Will she be eligible for getting 5 points ? What is the minimum experience required for the partner ?

Thanks in advance

Pramod


----------



## supreetbh (Mar 19, 2018)

Hi All,

Please help with small query i have before submitting ACS. For Statutory Declaration/Affidavit do we need that to scan and then stamped with " True copy as original" from notary as did for other experience document. or it's not required for SD/Affidavits as they were already notarized.


----------



## sandytech55 (Apr 18, 2018)

*Australie PR*

Hi Frndz,
I am new to this forums and i am planning for AUS PR
My details: I have done BTECH (ECE) and Im working as a developer from past 7 years. 
and my wife have done BTECH (CSE) and also working as software developer in IT firm for 7 years. I wanted to include my Son (1 year) and my mother(50 yrs). 
My doubt: weather SHOULD I GO FORWARD for PR with MY wife as primary ? or with myself only ?
A


----------



## hunterr (Mar 5, 2018)

sandytech55 said:


> Hi Frndz,
> I am new to this forums and i am planning for AUS PR
> My details: I have done BTECH (ECE) an
> 
> Hey, for your information, you can get acs done for both you and your wife as you both fall in the sol, regarding peimary and secondary, you can decide after taking the pte, whosoever scores more can become primary applicant, you cannot include your mother, your son is included in the application.


----------



## Santhi Sundarapalli (Oct 22, 2018)

How did you achieve 79+ score in PTE. Can you please suggest any tips?


----------



## Revhappy2 (Oct 15, 2018)

Hi guys, I have a friend who did electrical and electronics and he told me, they deducted 6 years of experience and he ended up with zero points for experience.

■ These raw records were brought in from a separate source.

(* Let $A=\langle Q,\delta,\gamma,F\rangle$ be a pomset automaton. If $q\xrightarrow{U}_A q'$, then there exist $\ell\in\mathbb N$, states $q_0,\dots,q_\ell\in Q$ with $q_0=q$ and $q_\ell=q'$, and pomsets $U_0,\dots,U_{\ell-1}$ with $U=U_0\cdots U_{\ell-1}$, such that for each $0\le i<\ell$ the trace $q_i\xrightarrow{U_i}_A q_{i+1}$ is a unit trace.
   Context: Fix a finite alphabet $\Sigma$; pomsets are isomorphism classes of $\Sigma$-labelled posets, $1$ the empty pomset, $a\in\Sigma$ the one-point pomset, $\cdot,\parallel$ sequential/parallel composition, $\mathsf{Pom}^{\mathsf{sp}}$ the smallest set containing $1$ and all $a$ closed under both; the empty product $U_0\cdots U_{-1}$ is $1$. A PA is $A=\langle Q,\delta,\gamma,F\rangle$ with $F\subseteq Q$, $\delta:Q\times\Sigma\to Q$, $\gamma:Q^3\to Q$, with states $\bot\notin F$, $\top\in F$ such that $\delta(\bot,a)=\delta(\top,a)=\bot$, $\gamma(\bot,r,s)=\gamma(\top,r,s)=\bot$. Traces: the smallest relation with $q\xrightarrow{1}_A q$; $q\xrightarrow{a}_A\delta(q,a)$; $q\xrightarrow{U}_A q''\xrightarrow{V}_A q'$ implies $q\xrightarrow{U\cdot V}_A q'$; $r\xrightarrow{U}_A r'\in F$, $s\xrightarrow{V}_A s'\in F$ imply $q\xrightarrow{U\parallel V}_A\gamma(q,r,s)$. A unit trace is either a $\delta$-trace $q\xrightarrow{a}_A\delta(q,a)$ for some $a\in\Sigma$, or a $\gamma$-trace $q\xrightarrow{V\parallel W}_A\gamma(q,r,s)$ where $r\xrightarrow{V}_A r'$ and $s\xrightarrow{W}_A s'$ for some $r',s'\in F$. *)

theory Defs
  imports Main
begin

text \<open>A labelled poset is represented concretely by a carrier (a set of natural numbers),
  a (reflexive) partial order on it, and a labelling function (only relevant on the carrier).\<close>

type_synonym 'a lpo = "nat set \<times> (nat \<times> nat) set \<times> (nat \<Rightarrow> 'a)"

definition car :: "'a lpo \<Rightarrow> nat set" where "car X = fst X"
definition ord :: "'a lpo \<Rightarrow> (nat \<times> nat) set" where "ord X = fst (snd X)"
definition lab :: "'a lpo \<Rightarrow> nat \<Rightarrow> 'a" where "lab X = snd (snd X)"

definition wf_lpo :: "'a lpo \<Rightarrow> bool" where
  "wf_lpo X \<longleftrightarrow> finite (car X) \<and> ord X \<subseteq> car X \<times> car X \<and> partial_order_on (car X) (ord X)"

definition lpo_iso :: "'a lpo \<Rightarrow> 'a lpo \<Rightarrow> bool" where
  "lpo_iso X Y \<longleftrightarrow> (\<exists>f. bij_betw f (car X) (car Y)
      \<and> (\<forall>x\<in>car X. lab Y (f x) = lab X x)
      \<and> (\<forall>x\<in>car X. \<forall>y\<in>car X. (x, y) \<in> ord X \<longleftrightarrow> (f x, f y) \<in> ord Y))"

definition pom_rel :: "'a lpo \<Rightarrow> 'a lpo \<Rightarrow> bool" where
  "pom_rel X Y \<longleftrightarrow> wf_lpo X \<and> wf_lpo Y \<and> lpo_iso X Y"

lemma lpo_iso_refl: "lpo_iso X X"
  unfolding lpo_iso_def by (rule exI[of _ id]) auto

lemma lpo_iso_sym: assumes "lpo_iso X Y" shows "lpo_iso Y X"
proof -
  from assms obtain f where f: "bij_betw f (car X) (car Y)"
    "\<forall>x\<in>car X. lab Y (f x) = lab X x"
    "\<forall>x\<in>car X. \<forall>y\<in>car X. (x, y) \<in> ord X \<longleftrightarrow> (f x, f y) \<in> ord Y"
    unfolding lpo_iso_def by blast
  let ?g = "inv_into (car X) f"
  have g: "bij_betw ?g (car Y) (car X)" using f(1) by (rule bij_betw_inv_into)
  have gi: "\<And>y. y \<in> car Y \<Longrightarrow> f (?g y) = y" using f(1)
    by (meson bij_betw_inv_into_right)
  have gm: "\<And>y. y \<in> car Y \<Longrightarrow> ?g y \<in> car X" using g bij_betwE by blast
  show ?thesis unfolding lpo_iso_def
    apply (rule exI[of _ ?g])
    using g gi gm f(2,3) by metis
qed

lemma lpo_iso_trans: assumes "lpo_iso X Y" "lpo_iso Y Z" shows "lpo_iso X Z"
proof -
  from assms(1) obtain f where f: "bij_betw f (car X) (car Y)"
    "\<forall>x\<in>car X. lab Y (f x) = lab X x"
    "\<forall>x\<in>car X. \<forall>y\<in>car X. (x, y) \<in> ord X \<longleftrightarrow> (f x, f y) \<in> ord Y"
    unfolding lpo_iso_def by blast
  from assms(2) obtain g where g: "bij_betw g (car Y) (car Z)"
    "\<forall>x\<in>car Y. lab Z (g x) = lab Y x"
    "\<forall>x\<in>car Y. \<forall>y\<in>car Y. (x, y) \<in> ord Y \<longleftrightarrow> (g x, g y) \<in> ord Z"
    unfolding lpo_iso_def by blast
  have m: "\<And>x. x \<in> car X \<Longrightarrow> f x \<in> car Y" using f(1) bij_betwE by blast
  show ?thesis unfolding lpo_iso_def
    apply (rule exI[of _ "g \<circ> f"])
    using bij_betw_trans[OF f(1) g(1)] f(2,3) g(2,3) m by auto
qed

lemma part_equivp_pom_rel: "part_equivp pom_rel"
proof (rule part_equivpI)
  have "wf_lpo ({}, {}, \<lambda>_. undefined)"
    unfolding wf_lpo_def car_def ord_def partial_order_on_def preorder_on_def
      refl_on_def trans_def antisym_def by simp
  then show "\<exists>x. pom_rel x x" unfolding pom_rel_def using lpo_iso_refl by blast
  show "symp pom_rel" unfolding symp_def pom_rel_def using lpo_iso_sym by blast
  show "transp pom_rel" unfolding transp_def pom_rel_def using lpo_iso_trans by blast
qed

quotient_type 'a pomset = "'a lpo" / partial: pom_rel
  by (rule part_equivp_pom_rel)

text \<open>Raw constructions on representatives (disjoint union via even/odd encoding).\<close>

definition one_raw :: "'a lpo" where
  "one_raw = ({}, {}, \<lambda>_. undefined)"

definition atom_raw :: "'a \<Rightarrow> 'a lpo" where
  "atom_raw a = ({0}, {(0, 0)}, \<lambda>_. a)"

definition emb_l :: "nat \<Rightarrow> nat" where "emb_l n = 2 * n"
definition emb_r :: "nat \<Rightarrow> nat" where "emb_r n = 2 * n + 1"

definition par_raw :: "'a lpo \<Rightarrow> 'a lpo \<Rightarrow> 'a lpo" where
  "par_raw X Y =
    (emb_l ` car X \<union> emb_r ` car Y,
     map_prod emb_l emb_l ` ord X \<union> map_prod emb_r emb_r ` ord Y,
     \<lambda>m. if even m then lab X (m div 2) else lab Y (m div 2))"

definition seq_raw :: "'a lpo \<Rightarrow> 'a lpo \<Rightarrow> 'a lpo" where
  "seq_raw X Y =
    (emb_l ` car X \<union> emb_r ` car Y,
     map_prod emb_l emb_l ` ord X \<union> map_prod emb_r emb_r ` ord Y
       \<union> (emb_l ` car X) \<times> (emb_r ` car Y),
     \<lambda>m. if even m then lab X (m div 2) else lab Y (m div 2))"

definition pom_one :: "'a pomset" ("\<one>\<^sub>p") where
  "pom_one = abs_pomset one_raw"

definition pom_atom :: "'a \<Rightarrow> 'a pomset" where
  "pom_atom a = abs_pomset (atom_raw a)"

definition pom_seq :: "'a pomset \<Rightarrow> 'a pomset \<Rightarrow> 'a pomset" (infixl "\<cdot>\<^sub>p" 70) where
  "pom_seq U V = abs_pomset (seq_raw (rep_pomset U) (rep_pomset V))"

definition pom_par :: "'a pomset \<Rightarrow> 'a pomset \<Rightarrow> 'a pomset" (infixl "\<parallel>\<^sub>p" 65) where
  "pom_par U V = abs_pomset (par_raw (rep_pomset U) (rep_pomset V))"

fun pom_seqs :: "'a pomset list \<Rightarrow> 'a pomset" where
  "pom_seqs [] = pom_one"
| "pom_seqs (U # Us) = pom_seq U (pom_seqs Us)"

definition is_PA :: "('q \<Rightarrow> 'a::finite \<Rightarrow> 'q) \<Rightarrow> ('q \<Rightarrow> 'q \<Rightarrow> 'q \<Rightarrow> 'q) \<Rightarrow> 'q set
    \<Rightarrow> 'q \<Rightarrow> 'q \<Rightarrow> bool" where
  "is_PA \<delta> \<gamma> F qbot qtop \<longleftrightarrow> qbot \<notin> F \<and> qtop \<in> F
     \<and> (\<forall>a. \<delta> qbot a = qbot \<and> \<delta> qtop a = qbot)
     \<and> (\<forall>r s. \<gamma> qbot r s = qbot \<and> \<gamma> qtop r s = qbot)"

inductive trace :: "('q \<Rightarrow> 'a::finite \<Rightarrow> 'q) \<Rightarrow> ('q \<Rightarrow> 'q \<Rightarrow> 'q \<Rightarrow> 'q) \<Rightarrow> 'q set
    \<Rightarrow> 'q \<Rightarrow> 'a pomset \<Rightarrow> 'q \<Rightarrow> bool"
  for \<delta> \<gamma> F where
  tr_one: "trace \<delta> \<gamma> F q pom_one q"
| tr_atom: "trace \<delta> \<gamma> F q (pom_atom a) (\<delta> q a)"
| tr_seq: "trace \<delta> \<gamma> F q U q'' \<Longrightarrow> trace \<delta> \<gamma> F q'' V q' \<Longrightarrow> trace \<delta> \<gamma> F q (pom_seq U V) q'"
| tr_par: "trace \<delta> \<gamma> F r U r' \<Longrightarrow> r' \<in> F \<Longrightarrow> trace \<delta> \<gamma> F s V s' \<Longrightarrow> s' \<in> F
           \<Longrightarrow> trace \<delta> \<gamma> F q (pom_par U V) (\<gamma> q r s)"

definition unit_trace :: "('q \<Rightarrow> 'a::finite \<Rightarrow> 'q) \<Rightarrow> ('q \<Rightarrow> 'q \<Rightarrow> 'q \<Rightarrow> 'q) \<Rightarrow> 'q set
    \<Rightarrow> 'q \<Rightarrow> 'a pomset \<Rightarrow> 'q \<Rightarrow> bool" where
  "unit_trace \<delta> \<gamma> F q U q' \<longleftrightarrow>
     (\<exists>a. U = pom_atom a \<and> q' = \<delta> q a)
   \<or> (\<exists>V W r s r' s'. U = pom_par V W \<and> q' = \<gamma> q r s
        \<and> trace \<delta> \<gamma> F r V r' \<and> r' \<in> F \<and> trace \<delta> \<gamma> F s W s' \<and> s' \<in> F)"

I have done electronics and communication and this was in 1997-2001, the syllabus was very old, it was from Bangalore university's last batch and after us the very next batch was VTU university with cutting edge all new subjects. So my fear is my electronics and communication has very very few relevant IT related subjects.

I have a total of 16 years experience but I guess they only look at the last 10? Will l also lose 6 years out of 10 or will they consider that I have 16 years experiences and deduct 6 from it?

Sent from my Redmi Note 4 using Tapatalk


----------



## Immigrantno1 (Jul 22, 2018)

Hi Nitin
Go through trailing link will give you much detail of ACS assessment.
If your degree is not found relevant to work then you have to go through rpl wherein 6 years will be deducted.

https://www.acs.org.au/msa/skills-assessment-guidelines-for-applicants.html

Thanks and Regards


----------



## Revhappy2 (Oct 15, 2018)

Immigrantno1 said:


> Hi Nitin
> Go through trailing link will give you much detail of ACS assessment.
> If your degree is not found relevant to work then you have to go through rpl wherein 6 years will be deducted.
> 
> ...


Thanks, if they deduct 6 years, then even best case I get only 5 Pts and then English I will have to score 20pts even then max will be 65pts. 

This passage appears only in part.